In his notes, Latchoumia indicates that he built the recording much like an opera, starting with an overture-like piece: Liszt’s fantasy piece on motifs from Wagner’s opera Rienzi. This is an interesting choice, because Rienzi was disclaimed by Wagner within a decade of its composition, and remains outside the traditional Wagner oeuvre. It has never been performed at Bayreuth, for example. But yet, in Liszt’s hands, it remains an impressive work through its transformation by piano.
Liszt: Wagner – Phantasiestück über Motive aus Rienzi, S439/R272
The recording follows with the 3-movement Fantasia in F sharp minor, an early work by Wagner. The pianist found the piece astounding and used its operatic character, with its seeming recitatives and arias, as operatic in character, and noted that “from the harmonic point of view one finds things that anticipate Tristan und Isolde.”
Latchoumia then turns to the work of Gérard Pesson, a contemporary French composer, whose work En Haut du mât (At the Mast Top), takes its inspiration from the young sailor’s song in Act 1, scene 1 of Tristan. We are so far away from the romantic fullness of Wagner and Liszt and now in a world of solitude and fog that this work is very effective in getting the listener to focus again on what Wagner placed in his music.
Pesson: En haut du mât
The art of the paraphrase/transcription, still from Tristan but now from contemporaries of Wagner, returns us to the past. Austrian pianist Alfred Jaëll was influential in the careers of many mid-19th century virtuosos: introducing Adelina Patti to the American musical public, performing with Ole Bull, and took up Louis Moreau Gottschalk’s works into his repertoire. He also made transcriptions of Wagner and we have one on this recording that’s used as the preparation for the Liszt transcription of the Liebestod.
Jaëll: 3 Stucke aus Richard Wagner’s Tristan und Isolde: No. 1, Op. 112
Liszt: Wagner – Isoldes Liebestod from Tristan und Isolde, 2447/R280
After the sublime and forbidden love of Tristan and Isolde, we visit the Ring Cycle, but in the hands of Hugo Wolf. The longest work on this recording is Wolf’s Paraphrase of Die Walküre. Born 50 years after Wagner, Wolf spans the late Romantic and the early 20th century sensibilities. Immediately, you know that you’re not in the claustrophobic world of Liszt in this paraphrase – the writing is virtuosic but spare, being informed by the composer’s own idolatry of Wagner.

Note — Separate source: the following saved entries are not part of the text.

(* Let $T$ be a simplex in $\mathbb{E}^3$ all four of whose facets have the same area. Then the axis of any circumscribing cylinder of $T$ of minimum radius is perpendicular to two opposite edges of $T$ (i.e. to two edges having no vertex in common).
   Context: A cylinder in $\mathbb{E}^3$ is the set of points at a fixed distance $\rho>0$ (its radius) from a line (its axis). A cylinder is circumscribing for a simplex if all vertices of the simplex lie on it. *)

theory Defs
  imports "HOL-Analysis.Analysis" "HOL-Analysis.Cross3"
begin

definition is_line :: "(real^3) set \<Rightarrow> bool" where
  "is_line L \<longleftrightarrow> (\<exists>p u. u \<noteq> 0 \<and> L = {p + t *\<^sub>R u | t. True})"

definition cylinder :: "(real^3) set \<Rightarrow> real \<Rightarrow> (real^3) set" where
  "cylinder L \<rho> = {x. infdist x L = \<rho>}"

definition circumscribing_cylinder ::
  "(real^3) set \<Rightarrow> real \<Rightarrow> real^3 \<Rightarrow> real^3 \<Rightarrow> real^3 \<Rightarrow> real^3 \<Rightarrow> bool" where
  "circumscribing_cylinder L \<rho> a b c d \<longleftrightarrow>
     is_line L \<and> \<rho> > 0 \<and> {a, b, c, d} \<subseteq> cylinder L \<rho>"

definition min_circumscribing_cylinder ::
  "(real^3) set \<Rightarrow> real \<Rightarrow> real^3 \<Rightarrow> real^3 \<Rightarrow> real^3 \<Rightarrow> real^3 \<Rightarrow> bool" where
  "min_circumscribing_cylinder L \<rho> a b c d \<longleftrightarrow>
     circumscribing_cylinder L \<rho> a b c d \<and>
     (\<forall>L' \<rho>'. circumscribing_cylinder L' \<rho>' a b c d \<longrightarrow> \<rho> \<le> \<rho>')"

definition line_perp :: "(real^3) set \<Rightarrow> real^3 \<Rightarrow> bool" where
  "line_perp L w \<longleftrightarrow> (\<forall>x\<in>L. \<forall>y\<in>L. inner (x - y) w = 0)"

definition tri_area :: "real^3 \<Rightarrow> real^3 \<Rightarrow> real^3 \<Rightarrow> real" where
  "tri_area a b c = norm (cross3 (b - a) (c - a)) / 2"

definition is_simplex3 :: "real^3 \<Rightarrow> real^3 \<Rightarrow> real^3 \<Rightarrow> real^3 \<Rightarrow> bool" where
  "is_simplex3 a b c d \<longleftrightarrow> card {a, b, c, d} = 4 \<and> \<not> affine_dependent {a, b, c, d}"

end

theory Submission
  imports Defs
begin

(* Put the vertices at q + e1 + e2 + e3, q + e1 - e2 - e3, q - e1 + e2 - e3, q - e1 - e2 + e3.
   The facet normals are then 4 (X + Y + Z), 4 (-X + Y + Z), 4 (X - Y + Z), 4 (X + Y - Z) up to sign,
   with X = e2 x e3, Y = e3 x e1, Z = e1 x e2, so equal facet areas make X, Y, Z, and hence
   e1, e2, e3, pairwise orthogonal: the simplex consists of alternate corners of a box.
   Each box axis q + t e_i carries a circumscribing cylinder of squared radius |e_j|^2 + |e_k|^2.
   For a cylinder with axis p + t u, write u and q - p in the frame e_i.  The four vertex equations
   differ only by terms linear in the even sign patterns, which forces the product of the three
   coordinates of u to vanish; if only one of them vanished, the radius would exceed that of a
   box-axis cylinder.  So the axis of a minimal cylinder is parallel to some e_i, hence
   perpendicular to the opposite edges 2 (e_j + e_k) and 2 (e_k - e_j). *)

unbundle cross3_syntax

lemma infdist_line:
  fixes x p u :: "real^3"
  assumes u: "u \<noteq> 0"
  shows "infdist x {p + t *\<^sub>R u | t. True} = norm (u \<times> (x - p)) / norm u"
proof -
  define L where "L = {p + t *\<^sub>R u | t. True}"
  define w where "w = x - p"
  have nu: "u \<bullet> u > 0" using u by simp
  have nu2: "(norm u)\<^sup>2 = u \<bullet> u" by (simp add: power2_norm_eq_inner)
  have cr: "(norm (u \<times> w))\<^sup>2 = (u \<bullet> u) * (w \<bullet> w) - (u \<bullet> w)\<^sup>2"
    using norm_cross[of u w] by (simp add: power2_norm_eq_inner)
  have dist_sq: "(norm (w - t *\<^sub>R u))\<^sup>2 = w \<bullet> w - 2*t*(u \<bullet> w) + t\<^sup>2 * (u \<bullet> u)" for t
    unfolding power2_norm_eq_inner
    by (simp add: inner_diff_left inner_diff_right inner_commute power2_eq_square algebra_simps)
  have dist_on_line: "dist x (p + t *\<^sub>R u) = norm (w - t *\<^sub>R u)" for t
    unfolding w_def dist_norm by (simp add: algebra_simps)
  have lower: "norm (u \<times> w) / norm u \<le> dist x y" if "y \<in> L" for y
  proof -
    obtain t where y: "y = p + t *\<^sub>R u" using \<open>y \<in> L\<close> unfolding L_def by auto
    have "(norm u * norm (w - t *\<^sub>R u))\<^sup>2 - (norm (u \<times> w))\<^sup>2 = (t * (u \<bullet> u) - u \<bullet> w)\<^sup>2"
      unfolding power_mult_distrib nu2 dist_sq cr by (simp add: power2_eq_square algebra_simps)
    then have "(norm (u \<times> w))\<^sup>2 \<le> (norm u * norm (w - t *\<^sub>R u))\<^sup>2"
      by (metis diff_ge_0_iff_ge zero_le_power2)
    then have "norm (u \<times> w) \<le> norm u * norm (w - t *\<^sub>R u)"
      by (rule power2_le_imp_le) simp
    then show ?thesis unfolding y dist_on_line using u by (simp add: divide_le_eq mult.commute)
  qed
  define t0 where "t0 = (u \<bullet> w) / (u \<bullet> u)"
  have foot: "p + t0 *\<^sub>R u \<in> L" unfolding L_def by auto
  have "(norm (w - t0 *\<^sub>R u))\<^sup>2 = (norm (u \<times> w) / norm u)\<^sup>2"
    unfolding dist_sq power_divide cr nu2 t0_def using nu by (simp add: power2_eq_square field_simps)
  then have "norm (w - t0 *\<^sub>R u) = norm (u \<times> w) / norm u"
    by (rule power2_eq_imp_eq) simp_all
  then have upper: "infdist x L \<le> norm (u \<times> w) / norm u"
    using infdist_le[OF foot, of x] dist_on_line by simp
  have "norm (u \<times> w) / norm u \<le> infdist x L"
    using foot lower by (subst infdist_notempty) (auto intro: cINF_greatest)
  with upper show ?thesis unfolding L_def w_def by simp
qed
(* Let $n\geq 2$ and let $(x_i,y_i)_{i=1}^n$ be labeled examples with $x_i\in\mathbb{R}^d$, $y_i\in\{-1,+1\}$, $\max_i\|x_i\|\leq 1$. Let $X=[x_1,\dots,x_n]$, $\sigma^2\geq\frac{1}{n}\|X\|^2$ (spectral norm), $\lambda>0$, $b\in\{1,\dots,n\}$, and $\beta_b := 1+\frac{(b-1)(n\sigma^2-1)}{n-1}$. Define the primal objective $P(w) := \frac{1}{n}\sum_{i=1}^n\max\{0,1-y_i\langle w,x_i\rangle\}+\frac{\lambda}{2}\|w\|^2$ with minimizer $w^*$, the dual objective $D(\alpha) := -\frac{1}{2\lambda n^2}\alpha^\top Q\alpha + \frac{1}{n}\sum_{i=1}^n\alpha_i$ for $\alpha\in[0,1]^n$, where $Q_{ij} = y_iy_j\langle x_i,x_j\rangle$, and $w(\alpha) := \frac{1}{\lambda n}\sum_{i=1}^n\alpha_iy_ix_i$. Consider mini-batched SDCA: $\alpha^{(0)}=0$, and for $t=0,1,2,\dots$, draw $A_t$ uniformly at random among subsets of $\{1,\dots,n\}$ of cardinality $b$ (independently across iterations), and set $$\alpha^{(t+1)}_i = \alpha^{(t)}_i + \mathrm{clip}_{[-\alpha_i^{(t)},\,1-\alpha_i^{(t)}]}\left(\frac{\lambda n\big(1-y_i\langle w(\alpha^{(t)}),x_i\rangle\big)}{\beta_b}\right)\ \text{ for } i\in A_t,\qquad \alpha^{(t+1)}_j=\alpha^{(t)}_j\ \text{ for } j\notin A_t,$$ where $\mathrm{clip}_I$ denotes projection onto the interval $I$. Let $\epsilon>0$ and let integers $t_0, T_0, T$ satisfy $$t_0\geq\max\Big\{0,\Big\lceil\frac{n}{b}\log\Big(\frac{2\lambda n}{\beta_b}\Big)\Big\rceil\Big\},\quad T_0\geq t_0+\frac{\beta_b}{b}\Big[\frac{4}{\lambda\epsilon}-\frac{2n}{\beta_b}\Big]_+,\quad T\geq T_0+\max\Big\{\Big\lceil\frac{n}{b}\Big\rceil,\frac{\beta_b}{b}\frac{1}{\lambda\epsilon}\Big\},$$ where $[z]_+=\max\{0,z\}$, and let $\bar\alpha := \frac{1}{T-T_0}\sum_{t=T_0}^{T-1}\alpha^{(t)}$. Then $$\mathbb{E}[P(w(\bar\alpha))] - P(w^* ) \leq \mathbb{E}[P(w(\bar\alpha)) - D(\bar\alpha)] \leq \epsilon.$$
   Context: $\|X\|$ is the spectral norm of $X$; the expectation is over the random mini-batches. *)

theory Defs
  imports "HOL-Analysis.Analysis" "HOL-Probability.Probability"
begin

text \<open>Examples are indexed by a finite type 'n, so n = CARD('n); features live in a
  Euclidean space 'd (= R^d).\<close>

definition clip :: "real \<Rightarrow> real \<Rightarrow> real \<Rightarrow> real" where
  "clip lo hi z = max lo (min hi z)"

definition spectral_norm :: "('n::finite \<Rightarrow> 'd::euclidean_space) \<Rightarrow> real" where
  "spectral_norm x = onorm (\<lambda>a::real^'n. \<Sum>i\<in>UNIV. (a $ i) *\<^sub>R x i)"

definition primal :: "('n::finite \<Rightarrow> 'd::euclidean_space) \<Rightarrow> ('n \<Rightarrow> real) \<Rightarrow> real \<Rightarrow> 'd \<Rightarrow> real" where
  "primal x y lam w =
     (1 / real CARD('n)) * (\<Sum>i\<in>UNIV. max 0 (1 - y i * (w \<bullet> x i))) + lam / 2 * (norm w)\<^sup>2"

definition dual :: "('n::finite \<Rightarrow> 'd::euclidean_space) \<Rightarrow> ('n \<Rightarrow> real) \<Rightarrow> real \<Rightarrow> ('n \<Rightarrow> real) \<Rightarrow> real" where
  "dual x y lam \<alpha> =
     - (1 / (2 * lam * (real CARD('n))\<^sup>2)) *
         (\<Sum>i\<in>UNIV. \<Sum>j\<in>UNIV. \<alpha> i * (y i * y j * (x i \<bullet> x j)) * \<alpha> j)
     + (1 / real CARD('n)) * (\<Sum>i\<in>UNIV. \<alpha> i)"

definition wmap :: "('n::finite \<Rightarrow> 'd::euclidean_space) \<Rightarrow> ('n \<Rightarrow> real) \<Rightarrow> real \<Rightarrow> ('n \<Rightarrow> real) \<Rightarrow> 'd" where
  "wmap x y lam \<alpha> = (1 / (lam * real CARD('n))) *\<^sub>R (\<Sum>i\<in>UNIV. (\<alpha> i * y i) *\<^sub>R x i)"

text \<open>Mini-batch SDCA iterates, driven by a sequence of batches As t = A_t.\<close>
primrec sdca_iter :: "('n::finite \<Rightarrow> 'd::euclidean_space) \<Rightarrow> ('n \<Rightarrow> real) \<Rightarrow> real \<Rightarrow> real
    \<Rightarrow> (nat \<Rightarrow> 'n set) \<Rightarrow> nat \<Rightarrow> ('n \<Rightarrow> real)" where
  "sdca_iter x y lam beta As 0 = (\<lambda>_. 0)"
| "sdca_iter x y lam beta As (Suc t) =
     (\<lambda>i. let a = sdca_iter x y lam beta As t in
        if i \<in> As t
        then a i + clip (- a i) (1 - a i)
               (lam * real CARD('n) * (1 - y i * (wmap x y lam a \<bullet> x i)) / beta)
        else a i)"

definition batch_pmf :: "nat \<Rightarrow> ('n::finite) set pmf" where
  "batch_pmf b = pmf_of_set {A::'n set. card A = b}"

definition schedule_pmf :: "nat \<Rightarrow> nat \<Rightarrow> (nat \<Rightarrow> ('n::finite) set) pmf" where
  "schedule_pmf b T = Pi_pmf {..<T} {} (\<lambda>_. batch_pmf b)"

definition alpha_bar :: "('n::finite \<Rightarrow> 'd::euclidean_space) \<Rightarrow> ('n \<Rightarrow> real) \<Rightarrow> real \<Rightarrow> real
    \<Rightarrow> nat \<Rightarrow> nat \<Rightarrow> (nat \<Rightarrow> 'n set) \<Rightarrow> ('n \<Rightarrow> real)" where
  "alpha_bar x y lam beta T0 T As =
     (\<lambda>i. (1 / real (T - T0)) * (\<Sum>t\<in>{T0..<T}. sdca_iter x y lam beta As t i))"

end

theory Submission
  imports Defs
begin

(* The first inequality is weak duality. For the second, the decisive estimate is an expected
   separable overapproximation: for a uniformly random batch A of size b,
     E ||sum_{i in A} h_i y_i x_i||^2 <= (b/n) beta_b sum_i h_i^2,
   where beta_b interpolates between the row bound ||x_i|| <= 1 and the spectral bound on X.
   Hence the expected dual increase of a mini-batch step is at least b/n times a separable concave
   quadratic, which the clipped coordinate steps maximise. Comparing them with the feasible steps
   s (u_i - alpha_i), where u is the hinge-loss subgradient at w(alpha), gives for all s in [0,1]
     E D(alpha^(t+1)) - E D(alpha^(t)) >= (b/n) (s E[gap_t] - s^2 beta_b / (2 lambda n)).
   This recursion makes the dual suboptimality decay geometrically until t0 and like 1/t until T0;
   summing it over [T0, T) with the constant s = n / (b (T - T0)) telescopes into a bound on the
   mean expected gap, and convexity of the gap transfers it to the averaged iterate. *)

section \<open>Uniformly random batches\<close>

lemma card_supersets_of_card:
  fixes I :: "'n::finite set"
  assumes "card I \<le> b"
  shows "card {A::'n set. card A = b \<and> I \<subseteq> A} = (CARD('n) - card I) choose (b - card I)"
proof -
  have inj: "inj_on (\<lambda>B. B \<union> I) {B. B \<subseteq> - I \<and> card B = b - card I}"
    by (rule inj_onI) auto
  have eq: "{A::'n set. card A = b \<and> I \<subseteq> A} = (\<lambda>B. B \<union> I) ` {B. B \<subseteq> - I \<and> card B = b - card I}"
  proof (rule set_eqI, rule iffI)
    fix A assume "A \<in> {A::'n set. card A = b \<and> I \<subseteq> A}"
    then have "A = (A - I) \<union> I" "A - I \<subseteq> - I" "card (A - I) = b - card I"
      by (auto simp: card_Diff_subset)
    then show "A \<in> (\<lambda>B. B \<union> I) ` {B. B \<subseteq> - I \<and> card B = b - card I}" by blast
  next
    fix A assume "A \<in> (\<lambda>B. B \<union> I) ` {B. B \<subseteq> - I \<and> card B = b - card I}"
    then obtain B where B: "B \<subseteq> - I" "card B = b - card I" "A = B \<union> I" by auto
    then have "card A = card B + card I" by (simp add: card_Un_disjoint disjoint_eq_subset_Compl)
    with B assms show "A \<in> {A::'n set. card A = b \<and> I \<subseteq> A}" by auto
  qed
  have "card (- I) = CARD('n) - card I"
    by (simp add: Compl_eq_Diff_UNIV card_Diff_subset)
  then show ?thesis
    unfolding eq card_image[OF inj] by (simp add: n_subsets)
qed

lemma card_subsets_of_card: "card {A::'n::finite set. card A = b} = CARD('n) choose b"
  using card_supersets_of_card[of "{}" b] by simp

lemma card_subsets_of_card_containing:
  fixes i :: "'n::finite"
  assumes "1 \<le> b"
  shows "real (card {A::'n set. card A = b \<and> i \<in> A})
       = real b / real CARD('n) * real (card {A::'n set. card A = b})"
proof -
  have "card {A::'n set. card A = b \<and> i \<in> A} = (CARD('n) - 1) choose (b - 1)"
    using card_supersets_of_card[of "{i}" b] assms by simp
  moreover have "b * (CARD('n) choose b) = CARD('n) * ((CARD('n) - 1) choose (b - 1))"
    using times_binomial_minus1_eq[of b "CARD('n)"] assms by simp
  ultimately have "real b * real (CARD('n) choose b)
      = real CARD('n) * real (card {A::'n set. card A = b \<and> i \<in> A})"
    by (metis of_nat_mult)
  then show ?thesis
    unfolding card_subsets_of_card by (simp add: field_simps)
qed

The recording closes with an unusual work, an Elegie by Wagner that brings us back from the Magic Fire Music at the end of the Wolf paraphrase to a position of repose and reflection, seemingly to mirror the earlier quiet section we had with the Pesson work.
Wagner: Elegie
The Elegie was part of a sketch for Tristan and so we return to the central organizing idea for the recording as a whole: the Liszt Liebestod transcription.
The recording is an excellent way of looking at Wagner both through his own developing sound and through the eyes of those he influenced. Some were his contemporaries, Wolf was his follower, and Pesson’s work gives us a cool modern reading.